The five cases were argued before the Court in December 1952. Mr. Justice Thurgood Marshall, who was later to sit on the court, argued on behalf of the defendants.

The death of Chief Justice Vinson caused the cases to be reargued in December 1953, after the appointment of Earl Warren as Chief Justice. On May 17, 1954, the Court issued its historic decision in which it concluded that separate educational facilities are inherently unequal. After sixty years, Plessy vs Ferguson was overturned.

Final Summary

This decision, in Brown vs Board of Education of Topeka, written by Chief Justice Earl Warren, was momentous. The social and ideological impact of the case cannot be overestimated. The decision was unanimous with only a single opinion of the Court. The issue of the legal separation of the races was settled. Segregation was a violation of the Fourteenth Amendment of the Constitution and was unconstitutional. By denying African American children the right to freely enrol in their local schools, the Board of Education of Topeka, Kansas, started the chain of events that led to the Supreme Court and the case of Brown vs Board of Education of Topeka. The Sumner Elementary School and the Monroe Elementary School symbolize both the harsh reality of discrimination permitted by the Plessy decision in 1896 and the promise of equality embodied in the Fourteenth Amendment to the Constitution that was realized after 1954.

Today, these schools stand as monuments to generations of Americans who refused to accept the denial of their basic civil rights as first proposed by Thomas Jefferson in 1776 and guaranteed by the Constitution of the United States.
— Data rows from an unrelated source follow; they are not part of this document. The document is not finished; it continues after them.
(* Let $\mathcal{M}=(S,\boldsymbol{\pi},\mathbf{R})$ be a labelled continuous-time Markov chain, $\Phi_1,\Phi_2$ CSL state formulae, $I\subseteq\mathbb{R}_{\ge0}$ an interval, and let $S_X$ and $S_O$ be the exclude-from-refinement and once-only sets for $\Phi_1U^I\Phi_2$ (defined in the context). Let $T=\langle s_{i1},s_{i2},\ldots,s_{iN_i}\rangle$ be one of the sequences returned by the procedure TogetherSeqs applied to $(\mathcal{M},S_X,S_O)$. Let $\omega$ be a path satisfying $\Phi_1U^I\Phi_2$ and let $t\in I$ be the earliest time with $\omega@t\models\Phi_2$ (and $\omega@t'\models\Phi_1$ for all $t'\in[0,t)$). Then up to time $t$, the states of $T$ can appear on $\omega$ only as complete consecutive blocks $\ldots s_{i1}t_{i1}s_{i2}t_{i2}\ldots s_{iN_i}t_{iN_i}\ldots$.
   Context: A CTMC $(S,\boldsymbol{\pi},\mathbf{R})$ has finite state set, initial distribution $\boldsymbol{\pi}$ and rate matrix $\mathbf{R}$; paths $\omega=s_1t_1s_2t_2\ldots$ have $\boldsymbol{\pi}(s_1)>0$, $\mathbf{R}(s_i,s_{i+1})>0$, $t_i>0$ the sojourn time, $\omega@t$ the state at time $t$. $\omega\models\Phi_1U^I\Phi_2$ iff $\exists t\in I$ with $\omega@t\models\Phi_2$ and $\omega@t'\models\Phi_1$ for $t'\in[0,t)$; $U$ alone means $I=[0,\infty)$; $P_{=?}[\Psi]$ is the probability of $\Psi$ under the initial distribution. For each state $s$ an atomic proposition $s$ holds exactly in $s$. $S_X=\{s\in S\mid P_{=?}[(\neg s\wedge\Phi_1)U\Phi_2]=P_{=?}[\Phi_1U\Phi_2]\}$. $S_O$ is the set of $s\in S\setminus S_X$ with $P_{=?}[\Phi_1U\Phi_2]>0$, $P_{=?}[(\neg s\wedge\Phi_1)U\Phi_2]=0$, and such that for every $s'$ reachable from $s$ in one step with positive probability, the probability from $s'$ of reaching $s$ without passing through $S_X$ is $0$. Procedure TogetherSeqs: set $States:=S\setminus(S_X\cup S_O)$ and $TS:=\emptyset$. While $States\ne\emptyset$: pick any $s\in States$, set $T:=\langle s\rangle$, remove $s$ from $States$; then repeatedly (while at least one direction is still open and $States\ne\emptyset$) try to extend $T$ to the left by $\mathrm{Pred}(\mathrm{head}(T))$ and to the right by $\mathrm{Succ}(\mathrm{tail}(T))$, removing each added state from $States$ and closing a direction once its function returns NIL; finally add $T$ to $TS$. Return $TS$. Here $\mathrm{Pred}(s)$ returns NIL if $\boldsymbol{\pi}(s)>0$, and otherwise returns some $s'\in States$ with $\mathbf{R}(s',s)>0$ and $\mathbf{R}(s',s'')=\mathbf{R}(s'',s)=0$ for all $s''\in S\setminus\{s,s'\}$, or NIL if none exists; $\mathrm{Succ}(s)$ returns some $s'\in States$ with $\boldsymbol{\pi}(s')=0$, $\mathbf{R}(s,s')>0$ and $\mathbf{R}(s,s'')=\mathbf{R}(s'',s')=0$ for all $s''\in S\setminus\{s,s'\}$, or NIL if none exists. *)

theory Defs
  imports "HOL-Analysis.Analysis"
begin

text \<open>A CTMC (S, pi, R) with S = UNIV :: 'a set. Convention: no self-loops (R s s = 0).\<close>
definition ctmc :: "('a::finite \<Rightarrow> real) \<Rightarrow> ('a \<Rightarrow> 'a \<Rightarrow> real) \<Rightarrow> bool" where
  "ctmc \<pi> R \<longleftrightarrow> (\<forall>s. 0 \<le> \<pi> s) \<and> (\<Sum>s\<in>UNIV. \<pi> s) = 1 \<and>
     (\<forall>s s'. 0 \<le> R s s') \<and> (\<forall>s. R s s = 0)"

definition exit_rate :: "('a::finite \<Rightarrow> 'a \<Rightarrow> real) \<Rightarrow> 'a \<Rightarrow> real" where
  "exit_rate R s = (\<Sum>s'\<in>UNIV. R s s')"

definition emb :: "('a::finite \<Rightarrow> 'a \<Rightarrow> real) \<Rightarrow> 'a \<Rightarrow> 'a \<Rightarrow> real" where
  "emb R s s' = R s s' / exit_rate R s"

text \<open>Probability of the cylinder set of paths starting with the state sequence xs.\<close>
definition path_weight :: "('a::finite \<Rightarrow> real) \<Rightarrow> ('a \<Rightarrow> 'a \<Rightarrow> real) \<Rightarrow> 'a list \<Rightarrow> real" where
  "path_weight \<pi> R xs = \<pi> (hd xs) * (\<Prod>i<length xs - 1. emb R (xs ! i) (xs ! Suc i))"

text \<open>P=?[Phi1 U Phi2] (unbounded until) under initial distribution pi: sum over the
  disjoint events "the first Phi2-state is the (n+1)-th state and all earlier states satisfy Phi1".\<close>
definition untilP :: "('a::finite \<Rightarrow> real) \<Rightarrow> ('a \<Rightarrow> 'a \<Rightarrow> real) \<Rightarrow> ('a \<Rightarrow> bool) \<Rightarrow> ('a \<Rightarrow> bool) \<Rightarrow> real" where
  "untilP \<pi> R \<Phi>1 \<Phi>2 = (\<Sum>n. \<Sum>xs\<in>{xs. length xs = Suc n \<and> \<Phi>2 (xs ! n) \<and>
        (\<forall>i<n. \<Phi>1 (xs ! i) \<and> \<not> \<Phi>2 (xs ! i))}. path_weight \<pi> R xs)"

definition dirac :: "'a \<Rightarrow> 'a \<Rightarrow> real" where
  "dirac s = (\<lambda>u. if u = s then 1 else 0)"

definition SX :: "('a::finite \<Rightarrow> real) \<Rightarrow> ('a \<Rightarrow> 'a \<Rightarrow> real) \<Rightarrow> ('a \<Rightarrow> bool) \<Rightarrow> ('a \<Rightarrow> bool) \<Rightarrow> 'a set" where
  "SX \<pi> R \<Phi>1 \<Phi>2 = {s. untilP \<pi> R (\<lambda>u. u \<noteq> s \<and> \<Phi>1 u) \<Phi>2 = untilP \<pi> R \<Phi>1 \<Phi>2}"

definition SO :: "('a::finite \<Rightarrow> real) \<Rightarrow> ('a \<Rightarrow> 'a \<Rightarrow> real) \<Rightarrow> ('a \<Rightarrow> bool) \<Rightarrow> ('a \<Rightarrow> bool) \<Rightarrow> 'a set" where
  "SO \<pi> R \<Phi>1 \<Phi>2 = {s. s \<notin> SX \<pi> R \<Phi>1 \<Phi>2 \<and> untilP \<pi> R \<Phi>1 \<Phi>2 > 0 \<and>
      untilP \<pi> R (\<lambda>u. u \<noteq> s \<and> \<Phi>1 u) \<Phi>2 = 0 \<and>
      (\<forall>s'. emb R s s' > 0 \<longrightarrow>
          untilP (dirac s') R (\<lambda>u. u \<notin> SX \<pi> R \<Phi>1 \<Phi>2) (\<lambda>u. u = s) = 0)}"

section \<open>Procedure TogetherSeqs (nondeterministic; formalised as a relation on runs)\<close>

text \<open>Possible non-NIL results of Pred(s) / Succ(s) for the current set States.\<close>
definition pred_cand :: "('a::finite \<Rightarrow> real) \<Rightarrow> ('a \<Rightarrow> 'a \<Rightarrow> real) \<Rightarrow> 'a set \<Rightarrow> 'a \<Rightarrow> 'a \<Rightarrow> bool" where
  "pred_cand \<pi> R St s s' \<longleftrightarrow> \<pi> s = 0 \<and> s' \<in> St \<and> 0 < R s' s \<and>
     (\<forall>s''\<in>UNIV - {s, s'}. R s' s'' = 0 \<and> R s'' s = 0)"

definition succ_cand :: "('a::finite \<Rightarrow> real) \<Rightarrow> ('a \<Rightarrow> 'a \<Rightarrow> real) \<Rightarrow> 'a set \<Rightarrow> 'a \<Rightarrow> 'a \<Rightarrow> bool" where
  "succ_cand \<pi> R St s s' \<longleftrightarrow> s' \<in> St \<and> \<pi> s' = 0 \<and> 0 < R s s' \<and>
     (\<forall>s''\<in>UNIV - {s, s'}. R s s'' = 0 \<and> R s'' s' = 0)"

text \<open>One attempt to extend to the left: (T, States, left open) to the new triple.\<close>
inductive ext_left :: "('a::finite \<Rightarrow> real) \<Rightarrow> ('a \<Rightarrow> 'a \<Rightarrow> real) \<Rightarrow>
    'a list \<times> 'a set \<times> bool \<Rightarrow> 'a list \<times> 'a set \<times> bool \<Rightarrow> bool" for \<pi> R where
  closed: "ext_left \<pi> R (T, St, False) (T, St, False)"
| extend: "pred_cand \<pi> R St (hd T) s' \<Longrightarrow> ext_left \<pi> R (T, St, True) (s' # T, St - {s'}, True)"
| nil: "\<not> (\<exists>s'. pred_cand \<pi> R St (hd T) s') \<Longrightarrow> ext_left \<pi> R (T, St, True) (T, St, False)"

inductive ext_right :: "('a::finite \<Rightarrow> real) \<Rightarrow> ('a \<Rightarrow> 'a \<Rightarrow> real) \<Rightarrow>
    'a list \<times> 'a set \<times> bool \<Rightarrow> 'a list \<times> 'a set \<times> bool \<Rightarrow> bool" for \<pi> R where
  closed: "ext_right \<pi> R (T, St, False) (T, St, False)"
| extend: "succ_cand \<pi> R St (last T) s' \<Longrightarrow> ext_right \<pi> R (T, St, True) (T @ [s'], St - {s'}, True)"
| nil: "\<not> (\<exists>s'. succ_cand \<pi> R St (last T) s') \<Longrightarrow> ext_right \<pi> R (T, St, True) (T, St, False)"

text \<open>Inner loop: (T, States, left open, right open) to final (T, States).\<close>
inductive grow :: "('a::finite \<Rightarrow> real) \<Rightarrow> ('a \<Rightarrow> 'a \<Rightarrow> real) \<Rightarrow>
    'a list \<times> 'a set \<times> bool \<times> bool \<Rightarrow> 'a list \<times> 'a set \<Rightarrow> bool" for \<pi> R where
  stop: "\<not> (lo \<or> ro) \<or> St = {} \<Longrightarrow> grow \<pi> R (T, St, lo, ro) (T, St)"
| step: "lo \<or> ro \<Longrightarrow> St \<noteq> {} \<Longrightarrow> ext_left \<pi> R (T, St, lo) (T1, St1, lo') \<Longrightarrow>
    ext_right \<pi> R (T1, St1, ro) (T2, St2, ro') \<Longrightarrow> grow \<pi> R (T2, St2, lo', ro') res \<Longrightarrow>
    grow \<pi> R (T, St, lo, ro) res"

text \<open>Outer loop: ts_run States TS result.\<close>
inductive ts_run :: "('a::finite \<Rightarrow> real) \<Rightarrow> ('a \<Rightarrow> 'a \<Rightarrow> real) \<Rightarrow>
    'a set \<Rightarrow> 'a list list \<Rightarrow> 'a list list \<Rightarrow> bool" for \<pi> R where
  finish: "ts_run \<pi> R {} TS TS"
| pick: "s \<in> St \<Longrightarrow> grow \<pi> R ([s], St - {s}, True, True) (T, St') \<Longrightarrow>
    ts_run \<pi> R St' (TS @ [T]) res \<Longrightarrow> ts_run \<pi> R St TS res"

definition together_seqs :: "('a::finite \<Rightarrow> real) \<Rightarrow> ('a \<Rightarrow> 'a \<Rightarrow> real) \<Rightarrow> 'a set \<Rightarrow> 'a set \<Rightarrow> 'a list list \<Rightarrow> bool" where
  "together_seqs \<pi> R SXset SOset TS \<longleftrightarrow> ts_run \<pi> R (UNIV - (SXset \<union> SOset)) [] TS"

text \<open>A path: states sigma i, sojourn times tau i > 0; infinite sojourn only in absorbing states.\<close>
definition is_path :: "('a::finite \<Rightarrow> real) \<Rightarrow> ('a \<Rightarrow> 'a \<Rightarrow> real) \<Rightarrow> (nat \<Rightarrow> 'a) \<Rightarrow> (nat \<Rightarrow> ereal) \<Rightarrow> bool" where
  "is_path \<pi> R \<sigma> \<tau> \<longleftrightarrow> 0 < \<pi> (\<sigma> 0) \<and> (\<forall>i. 0 < \<tau> i) \<and>
     (\<forall>i. \<tau> i \<noteq> \<infinity> \<longrightarrow> 0 < R (\<sigma> i) (\<sigma> (Suc i))) \<and>
     (\<forall>i. \<tau> i = \<infinity> \<longrightarrow> (\<forall>s'. R (\<sigma> i) s' = 0))"

text \<open>Entry time of the k-th state (0-indexed).\<close>
definition entry :: "(nat \<Rightarrow> ereal) \<Rightarrow> nat \<Rightarrow> ereal" where
  "entry \<tau> k = (\<Sum>i<k. \<tau> i)"

definition state_at :: "(nat \<Rightarrow> 'a) \<Rightarrow> (nat \<Rightarrow> ereal) \<Rightarrow> real \<Rightarrow> 'a \<Rightarrow> bool" where
  "state_at \<sigma> \<tau> t s \<longleftrightarrow> (\<exists>k. entry \<tau> k \<le> ereal t \<and> ereal t < entry \<tau> (Suc k) \<and> \<sigma> k = s)"

definition sat_at :: "(nat \<Rightarrow> 'a) \<Rightarrow> (nat \<Rightarrow> ereal) \<Rightarrow> real \<Rightarrow> ('a \<Rightarrow> bool) \<Rightarrow> bool" where
  "sat_at \<sigma> \<tau> t \<Phi> \<longleftrightarrow> (\<exists>s. state_at \<sigma> \<tau> t s \<and> \<Phi> s)"

definition until_witness :: "(nat \<Rightarrow> 'a) \<Rightarrow> (nat \<Rightarrow> ereal) \<Rightarrow> ('a \<Rightarrow> bool) \<Rightarrow> ('a \<Rightarrow> bool) \<Rightarrow> real set \<Rightarrow> real \<Rightarrow> bool" where
  "until_witness \<sigma> \<tau> \<Phi>1 \<Phi>2 I t \<longleftrightarrow> t \<in> I \<and> sat_at \<sigma> \<tau> t \<Phi>2 \<and> (\<forall>t'\<in>{0..<t}. sat_at \<sigma> \<tau> t' \<Phi>1)"

end

theory Submission
  imports Defs
begin

text \<open>Every link \<open>T ! i \<rightarrow> T ! Suc i\<close> of a sequence built by TogetherSeqs is exclusive: it is
  the only transition out of \<open>T ! i\<close>, the only one into \<open>T ! Suc i\<close>, and \<open>T ! Suc i\<close> is not
  initial. So on a path every visit to \<open>T ! Suc i\<close> is preceded by \<open>T ! i\<close>, and \<open>T ! i\<close>, having a
  positive exit rate, is never absorbing and is always followed by \<open>T ! Suc i\<close>. Only the
  finiteness of the time \<open>t\<close> matters: it guarantees that the visit is reached after finitely
  many finite sojourns, so the whole block can be traced backwards and forwards.\<close>

definition exclusive_link :: "('a::finite \<Rightarrow> real) \<Rightarrow> ('a \<Rightarrow> 'a \<Rightarrow> real) \<Rightarrow> 'a \<Rightarrow> 'a \<Rightarrow> bool" where
  "exclusive_link \<pi> R s s' \<longleftrightarrow> \<pi> s' = 0 \<and> 0 < R s s' \<and>
     (\<forall>s''. s'' \<notin> {s, s'} \<longrightarrow> R s s'' = 0 \<and> R s'' s' = 0)"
Tench Cox was correct in his observations of the Constitution in 1787. It is the responsibility of each new generation of Americans to interpret and, if necessary, amend the Constitution to see that our basic civil liberties are safeguarded and preserved.

Today, as we dedicate the Monroe Elementary School as a National Historic Landmark, let us remember the constitutional principles for which it stands—in the words of Mr. Justice John Marshall Harlan—"Our Constitution is color-blind and neither knows nor tolerates classes among our citizens. In respect to civil rights, all citizens are equal before the law." Let us also remember the previous generations of Americans who fought to preserve these principles.

The greatness of our Constitution, as historians like to say, demands that we be ever vigilant in the preservation of our liberties. Through the preservation of both the Monroe and Sumner Elementary Schools let us ensure that the next generation of Americans will remember their Constitutional birthright to liberty and equality, and justice for all.